How to use generic type parameter in a method of an interface

Question

I created an interface:

public interface Person {
    <T extends Food> void eat(T food);
}

where Food is a concrete but non-final class .

I would like to implement a Person's eat method with a subclass of Food , ie Fruit , like this:

public class Man implements Person {
    @Override
    public void eat(Fruit food) {
        //implementation here
    }
}

But there is a compilation error

Question: Why is there a compilation error? How to fix the error without adding generic type to the interface like public interface Person<T> ?

Answer 1

You cannot do it with generics.

Imagine that the code you wrote compiled. Then doing this would make no sense

Person person = new Man();
person.eat(new Steak()); //where Steak is a subclass of Food

Now what method should be called? Person defines only a method eat that has Fruit parameter.

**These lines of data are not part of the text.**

(* Let $F:\mathbb{R}^n\to\mathbb{R}^m$ be continuous and $C:\mathbb{R}^n\rightrightarrows\mathbb{R}^m$ have closed graph. Define $\varSigma(u):=F(u)+C(u)$, $\mathcal{C}(u):=(-u,F(u))+\mathrm{gph}\,C$ (a map $\mathbb{R}^n\rightrightarrows\mathbb{R}^n\times\mathbb{R}^m$), $Q(u,y):=(F(u)+y)+\varDelta_{\mathrm{gph}\,C}(u,y)$ (a map $\mathbb{R}^n\times\mathbb{R}^m\rightrightarrows\mathbb{R}^m$), and $\mathcal{Q}(u,\sigma,y):=(-u+\sigma,F(u)+y)+\varDelta_{\mathrm{gph}\,C}(\sigma,y)$ (a map $\mathbb{R}^n\times\mathbb{R}^n\times\mathbb{R}^m\rightrightarrows\mathbb{R}^n\times\mathbb{R}^m$). Let $(\bar u,\bar y)\in\mathrm{gph}\,C$ and assume $F$ is strictly differentiable at $\bar u$. Then the numbers $R_\varSigma:=\mathrm{Reg}(\bar u,F(\bar u)+\bar y;\varSigma)$, $R_{\mathcal{C}}:=\mathrm{Reg}(\bar u,(0,F(\bar u)+\bar y);\mathcal{C})$, $R_Q:=\mathrm{Reg}((\bar u,\bar y),F(\bar u)+\bar y;Q)$, $R_{\mathcal{Q}}:=\mathrm{Reg}((\bar u,\bar u,\bar y),(0,F(\bar u)+\bar y);\mathcal{Q})$ are well defined and satisfy $R_\varSigma\ge\max\{R_{\mathcal{C}},R_Q\}\ge R_{\mathcal{Q}}\ge0$. Moreover, $R_{\mathcal{Q}}=0$ implies $R_\varSigma=R_{\mathcal{C}}=R_Q=0$.
   Context: For a set $\Omega$, the indicator mapping is $\varDelta_\Omega(x):=\{0\}$ if $x\in\Omega$ and $\emptyset$ otherwise. The polar of a cone $K$ is $K^\circ:=\{v\mid v^\top w\le0\ \forall w\in K\}$; the tangent cone is $T_{C_0}(x):=\limsup_{\tau\searrow0}(C_0-x)/\tau$; the (limiting) normal cone is $N_{C_0}(\bar x):=\limsup_{x\to\bar x,\,x\in C_0}T_{C_0}(x)^\circ$ (Painlevé–Kuratowski outer limits), $N_{C_0}(\bar x):=\emptyset$ if $\bar x\notin C_0$. The coderivative of $S:\mathbb{R}^a\rightrightarrows\mathbb{R}^b$ at $(\bar x,\bar y)\in\mathrm{gph}\,S$ is $D^*S(\bar x|\bar y)(z):=\{v\mid(v,-z)\in N_{\mathrm{gph}\,S}(\bar x,\bar y)\}$. For $S$ with closed graph, $\mathrm{Reg}(u,y;S):=\inf_{\|z\|=1}\mathrm{dist}[0,D^*S(u|y)(z)]$ if $(u,y)\in\mathrm{gph}\,S$ and $:=\infty$ otherwise (with $\mathrm{dist}[0,\emptyset]=\infty$). *)

theory Defs
  imports "HOL-Analysis.Analysis" "HOL-Library.Extended_Real"
begin

text \<open>Set-valued maps S : 'a =>> 'b are rendered as functions 'a => 'b set.\<close>

definition gph :: "('a \<Rightarrow> 'b set) \<Rightarrow> ('a \<times> 'b) set" where
  "gph S = {(x, y). y \<in> S x}"

definition indicator_map :: "'a set \<Rightarrow> 'a \<Rightarrow> 'b::zero set" where
  "indicator_map \<Omega> x = (if x \<in> \<Omega> then {0} else {})"

definition PK_limsup :: "('a::metric_space \<Rightarrow> 'b::metric_space set) \<Rightarrow> 'a set \<Rightarrow> 'a \<Rightarrow> 'b set" where
  "PK_limsup S D a = {v. \<exists>x u. (\<forall>k. x k \<in> D \<and> u k \<in> S (x k)) \<and> x \<longlonglongrightarrow> a \<and> u \<longlonglongrightarrow> v}"

definition polar_cone :: "'a::real_inner set \<Rightarrow> 'a set" where
  "polar_cone K = {v. \<forall>w\<in>K. inner v w \<le> 0}"

definition tangent_cone :: "'a::real_normed_vector set \<Rightarrow> 'a \<Rightarrow> 'a set" where
  "tangent_cone C0 x = PK_limsup (\<lambda>\<tau>::real. (\<lambda>c. (1 / \<tau>) *\<^sub>R (c - x)) ` C0) {0<..} 0"

definition normal_cone :: "'a::real_inner set \<Rightarrow> 'a \<Rightarrow> 'a set" where
  "normal_cone C0 xb = (if xb \<in> C0 then PK_limsup (\<lambda>x. polar_cone (tangent_cone C0 x)) C0 xb else {})"

definition coderiv :: "('a::real_inner \<Rightarrow> 'b::real_inner set) \<Rightarrow> 'a \<Rightarrow> 'b \<Rightarrow> 'b \<Rightarrow> 'a set" where
  "coderiv S xb yb z = {v. (v, - z) \<in> normal_cone (gph S) (xb, yb)}"

text \<open>dist[0,A] as an extended real; the infimum over the empty set is infinity.\<close>
definition dist0 :: "'a::real_normed_vector set \<Rightarrow> ereal" where
  "dist0 A = (INF a\<in>A. ereal (norm a))"

definition Reg :: "'a::real_inner \<Rightarrow> 'b::real_inner \<Rightarrow> ('a \<Rightarrow> 'b set) \<Rightarrow> ereal" where
  "Reg u y S = (if (u, y) \<in> gph S then (INF z\<in>{z. norm z = 1}. dist0 (coderiv S u y z)) else \<infinity>)"

definition strictly_differentiable_at :: "('a::real_normed_vector \<Rightarrow> 'b::real_normed_vector) \<Rightarrow> 'a \<Rightarrow> bool" where
  "strictly_differentiable_at F ub \<longleftrightarrow> (\<exists>A. linear A \<and> (\<forall>\<epsilon>>0. \<exists>\<delta>>0. \<forall>x\<in>ball ub \<delta>. \<forall>x'\<in>ball ub \<delta>.
      norm (F x - F x' - A (x - x')) \<le> \<epsilon> * norm (x - x')))"

end

(*
  Each of the four graphs is the image of gph C, or of UNIV \<times> gph C, under a change of variables
  built from F that is strictly differentiable at the base point and has a continuous inverse on
  the graph. Such a map carries limiting normals back by the adjoint of its derivative: regular
  normals pull back to Frechet \<epsilon>-normals, and these lie close to proximal normals at nearby
  points. With A the strict derivative of F at ub, a normal (v, -z) to gph \<Sigma> with |z| = 1 gives
  the normals (v, -(A\<^sup>* z - v, z)) to gph CC and ((v, 0), -z) to gph Q, and a normal (v, -z) to
  gph CC gives ((v, 0, 0), -z) to gph QQ; this yields the inequalities. Conversely, a normal
  ((a1, a2, a3), -w) to gph QQ with |w| = 1 forces w1 = A\<^sup>* w2 - a1 and gives the normal
  (a1 + a2 - A\<^sup>* a3, -(w2 - a3)) to gph \<Sigma>, whose second component stays away from 0 as a
  tends to 0; hence R_QQ = 0 implies R_\<Sigma> = 0.
*)

theory Submission
  imports Defs
begin

lemma power2_norm_diff:
  fixes a b :: "'a::real_inner"
  shows "(norm (a - b))\<^sup>2 = (norm a)\<^sup>2 - 2 * inner a b + (norm b)\<^sup>2"
  by (simp add: power2_norm_eq_inner inner_diff_left inner_diff_right inner_commute)
(* Let $m\geq 1$ and for each $i\geq 1$ let $\Lambda_i=a_1^{(i)}\mathbb{Z}\times a_2^{(i)}\mathbb{Z}\times\dots\times a_m^{(i)}\mathbb{Z}$ with $(a_1^{(i)},\dots,a_m^{(i)})\in\mathbb{N}^m\setminus\{(1,\dots,1)\}$. Let $\eta=\mathbb{1}_{\mathbb{Z}^m\setminus\bigcup_{i\geq1}\Lambda_i}\in\{0,1\}^{\mathbb{Z}^m}$ and $X_\eta$ its orbit closure. Then $(X_\eta,(S_{\mathbf{n}})_{\mathbf{n}\in\mathbb{Z}^m})$ is proximal if and only if $\{\Lambda_i\}_{i\geq1}$ contains an infinite subset of pairwise coprime lattices.
   Context: The shift on $\{0,1\}^{\mathbb{Z}^m}$ is $(S_{\mathbf{n}}x)_{\mathbf{g}}=x_{\mathbf{g}+\mathbf{n}}$; $X_\eta$ is the closure (product topology) of $\{S_{\mathbf{n}}\eta\}$. A system is proximal if every pair $(x,y)$ of its points satisfies $\liminf_{\mathbf{n}\to\infty}D(S_{\mathbf{n}}x,S_{\mathbf{n}}y)=0$ for a compatible metric $D$. Two proper subgroups $\Lambda,\Lambda'$ of $\mathbb{Z}^m$ are coprime if $\Lambda+\Lambda'=\mathbb{Z}^m$. *)

theory Defs
  imports "HOL-Analysis.Analysis" "HOL-Library.Extended_Real"
begin

type_synonym ('m) config = "(int ^ 'm) \<Rightarrow> bool"

definition shift :: "int ^ 'm::finite \<Rightarrow> 'm config \<Rightarrow> 'm config" where
  "shift n x = (\<lambda>g. x (g + n))"

definition prod_top :: "'m::finite config topology" where
  "prod_top = product_topology (\<lambda>_. discrete_topology (UNIV :: bool set)) UNIV"

definition orbit_closure :: "'m::finite config \<Rightarrow> 'm config set" where
  "orbit_closure eta = prod_top closure_of (range (\<lambda>n. shift n eta))"

definition compatible_metric :: "'m::finite config set \<Rightarrow> ('m config \<Rightarrow> 'm config \<Rightarrow> real) \<Rightarrow> bool" where
  "compatible_metric X D \<longleftrightarrow>
     Metric_space X D \<and> Metric_space.mtopology X D = subtopology prod_top X"

text \<open>Proximality: liminf over n \<rightarrow> \<infinity> in Z^m (cofinite filter) of D(S_n x, S_n y) is 0.\<close>
definition proximal :: "'m::finite config set \<Rightarrow> bool" where
  "proximal X \<longleftrightarrow> (\<exists>D. compatible_metric X D \<and>
     (\<forall>x\<in>X. \<forall>y\<in>X. Liminf cofinite (\<lambda>n. ereal (D (shift n x) (shift n y))) = 0))"

definition lattice_of :: "('m::finite \<Rightarrow> nat) \<Rightarrow> (int ^ 'm) set" where
  "lattice_of a = {v. \<forall>j. int (a j) dvd v $ j}"

definition coprime_lattices :: "(int ^ 'm::finite) set \<Rightarrow> (int ^ 'm) set \<Rightarrow> bool" where
  "coprime_lattices L L' \<longleftrightarrow> {x + y | x y. x \<in> L \<and> y \<in> L'} = UNIV"

end

theory Submission
  imports Defs "HOL-Number_Theory.Cong"
begin

text \<open>If eta vanishes on infinitely many pairwise coprime lattices, every point of the orbit closure
  vanishes on a coset of each of them, so by the Chinese remainder theorem any two points can be
  shifted, for infinitely many shifts, to vanish simultaneously on a prescribed finite window; they
  are then proximal. Otherwise a maximal pairwise coprime subfamily is finite and every lattice
  fails to be coprime to one of its members; then eta and its translate by (1,...,1) differ in
  every translate of one fixed finite box, so they form a distal pair. Both directions use that on
  the compact orbit closure, closeness in a compatible metric amounts to agreement on large finite
  windows.\<close>

definition cylinder :: "(int ^ 'm::finite) set \<Rightarrow> 'm config \<Rightarrow> 'm config set" where
  "cylinder W p = {u. \<forall>g\<in>W. u g = p g}"

lemma topspace_prod_top [simp]: "topspace (prod_top :: 'm::finite config topology) = UNIV"
  unfolding prod_top_def by (simp add: topspace_product_topology)

lemma openin_cylinder:
  assumes "finite W"
  shows "openin (prod_top :: 'm::finite config topology) (cylinder W p)"
  unfolding prod_top_def openin_product_topology_alt
proof
  fix x assume x: "x \<in> cylinder W p"
  define U where "U = (\<lambda>g. if g \<in> W then {p g} else (UNIV :: bool set))"
  have "{g. U g \<noteq> UNIV} \<subseteq> W"
    by (auto simp: U_def)
  then have "finite {g \<in> UNIV. U g \<noteq> topspace (discrete_topology UNIV)}"
    using assms finite_subset by auto
  moreover have "x \<in> Pi\<^sub>E UNIV U" "Pi\<^sub>E UNIV U \<subseteq> cylinder W p"
    using x by (auto simp: U_def cylinder_def PiE_def Pi_def)
  ultimately show "\<exists>U. finite {g \<in> UNIV. U g \<noteq> topspace (discrete_topology UNIV)} \<and>
      (\<forall>g\<in>UNIV. openin (discrete_topology UNIV) (U g)) \<and> x \<in> Pi\<^sub>E UNIV U \<and> Pi\<^sub>E UNIV U \<subseteq> cylinder W p"
    by auto
qed
lemma inner_product_triangular_form:
  assumes "is_inner_product B"
  obtains m p r \<alpha> q \<beta> :: real where "m > 0" and "p > 0" and "r > 0"
    and "\<And>x y. B x y = m * (x$1 * y$1
          + (p * (x$2 - \<alpha> * x$1) + q * (x$3 - \<beta> * x$1)) * (p * (y$2 - \<alpha> * y$1) + q * (y$3 - \<beta> * y$1))
          + r^2 * ((x$3 - \<beta> * x$1) * (y$3 - \<beta> * y$1)))"
proof -
  have pos: "\<And>x. x \<noteq> 0 \<Longrightarrow> B x x > 0"
    using assms unfolding is_inner_product_def by blast
  define G where "G i j = B (axis i 1) (axis j 1)" for i j
  have B_gram: "B x y = x$1 * y$1 * G 1 1 + (x$1 * y$2 + x$2 * y$1) * G 1 2
      + (x$1 * y$3 + x$3 * y$1) * G 1 3 + x$2 * y$2 * G 2 2 + (x$2 * y$3 + x$3 * y$2) * G 2 3
      + x$3 * y$3 * G 3 3" for x y
    using assms unfolding is_inner_product_def G_def by (blast intro: symmetric_bilinear_expansion)
  have G22: "G 2 2 > 0" and G33: "G 3 3 > 0"
    unfolding G_def by (simp_all add: pos vec_eq_iff axis_def)
  define \<Delta> where "\<Delta> = G 2 2 * G 3 3 - (G 2 3)^2"
  define v :: "real^3" where "v = (\<chi> i. if i = 2 then G 3 3 else if i = 3 then - G 2 3 else 0)"
  have "G 3 3 * \<Delta> = B v v"
    by (simp add: B_gram v_def \<Delta>_def algebra_simps power2_eq_square)
  also have "\<dots> > 0"
    using G33 by (intro pos) (auto simp: v_def vec_eq_iff intro!: exI[of _ 2])
  finally have \<Delta>: "\<Delta> > 0" using G33 by (simp add: zero_less_mult_iff)
  txt \<open>Cramer's rule makes w = e1 + \<alpha> e2 + \<beta> e3 B-orthogonal to e2 and e3; m is B w w.\<close>
  define \<alpha> where "\<alpha> = (G 1 3 * G 2 3 - G 1 2 * G 3 3) / \<Delta>"
  define \<beta> where "\<beta> = (G 1 2 * G 2 3 - G 1 3 * G 2 2) / \<Delta>"
  have "\<alpha> * \<Delta> = G 1 3 * G 2 3 - G 1 2 * G 3 3" and "\<beta> * \<Delta> = G 1 2 * G 2 3 - G 1 3 * G 2 2"
    using \<Delta> by (simp_all add: \<alpha>_def \<beta>_def)
  then have "(\<alpha> * G 2 2 + \<beta> * G 2 3) * \<Delta> = - G 1 2 * \<Delta>"
    and "(\<alpha> * G 2 3 + \<beta> * G 3 3) * \<Delta> = - G 1 3 * \<Delta>"
    unfolding \<Delta>_def by algebra+
  then have \<alpha>\<beta>: "\<alpha> * G 2 2 + \<beta> * G 2 3 = - G 1 2" "\<alpha> * G 2 3 + \<beta> * G 3 3 = - G 1 3"
    using \<Delta> by (metis less_irrefl minus_mult_left mult_right_cancel)+
  define m where "m = G 1 1 + \<alpha> * G 1 2 + \<beta> * G 1 3"
  define w :: "real^3" where "w = (\<chi> i. if i = 1 then 1 else if i = 2 then \<alpha> else \<beta>)"
  have "m = B w w"
    by (simp add: B_gram w_def m_def) (use \<alpha>\<beta> in algebra)
  also have "\<dots> > 0"
    by (intro pos) (auto simp: w_def vec_eq_iff intro!: exI[of _ 1])
  finally have m: "m > 0" .
  define p where "p = sqrt (G 2 2 / m)"
  define q where "q = G 2 3 / (m * p)"
  define r where "r = sqrt (G 3 3 / m - q^2)"
  have p: "p > 0" "m * p^2 = G 2 2" using m G22 by (simp_all add: p_def)
  have mpq: "m * p * q = G 2 3" using m p by (simp add: q_def)
  have "G 3 3 / m - q^2 = \<Delta> / (m * G 2 2)"
    using m p by (simp add: q_def \<Delta>_def power_divide field_simps flip: p(2)) (simp add: power2_eq_square)
  then have "G 3 3 / m - q^2 > 0"
    using m G22 \<Delta> by simp
  then have r: "r > 0" "m * (q^2 + r^2) = G 3 3"
    using m by (simp_all add: r_def field_simps)
  show thesis
    by (rule that[of m p r \<alpha> q \<beta>, OF m p(1) r(1)])
      (unfold B_gram, use \<alpha>\<beta> m_def p(2) mpq r(2) in algebra)
qed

Generics provide compile-time type safety so they are explicited during compilation. This is called erasure procedure. The compiler will remove all the type parameters and add some casts when necessary.

This method defined in Person

<T extends Food> void eat(T food);

will become when compiled

void eat(Food food);

So if you implement Man like the way you did there will be two methods in Person called eat that have different parameters so they are different methods.

void eat(Food food);
void eat(Fruit food);

One way to do this is to move the generic to class level like this

public interface Person<T extends Food> {
    void eat(T food);
}

//We enforce the Man class to only "eat" Fruit foods.
public class Man implements Person<Fruit> {
    public void eat(Fruit fruit) {
        //Eat some fruit
    }
}

//This will work and compile just fine
Person<Fruit> person = new Man();
Fruit fruit = new Fruit();
person.eat(fruit);

But this will not compile.

Person<Fruit> person = new Man();
Food food = new Fruit();
person.eat(food); //food must be casted to Fruit

That because when you declare person the <Fruit> instructs the compiler to check that you are effectively passing a Fruit instance. It knows at compile time that you are passing the supertype Food instead of Fruit which can lead to cast exceptions on runtime if the code gets compiled in this state, breaking type safety which is what generics are all about. In fact

public class Man implements Person<Fruit> {
    public void eat(Fruit fruit) {
         System.out.println(fruit.toString());
    }
}

Will be compiled like this

public class Man implements Person {
    public void eat(Food fruit) {
         //The compiler will automatically add the type cast!
         System.out.println(((Fruit) fruit).toString());
    }
}

One way to bypass compiler type safety checking is to omit generic like this

//This will compile with a warning
//Unchecked use of 'eat(T)' method
((Person)person).eat(food); 

Answer 2

The contract of the eat method in the Person interface specifies that the method works for any type that is a subtype of Food. When you define another method in the Person class that accepts only Food instances, you're not adhering to the contract of the method in the interface, thus you're not overriding it.

As you mentioned, to set a concrete type in an implementation of a class using generics, the class itself has to be generic (you'd have to have the generic type at the class level).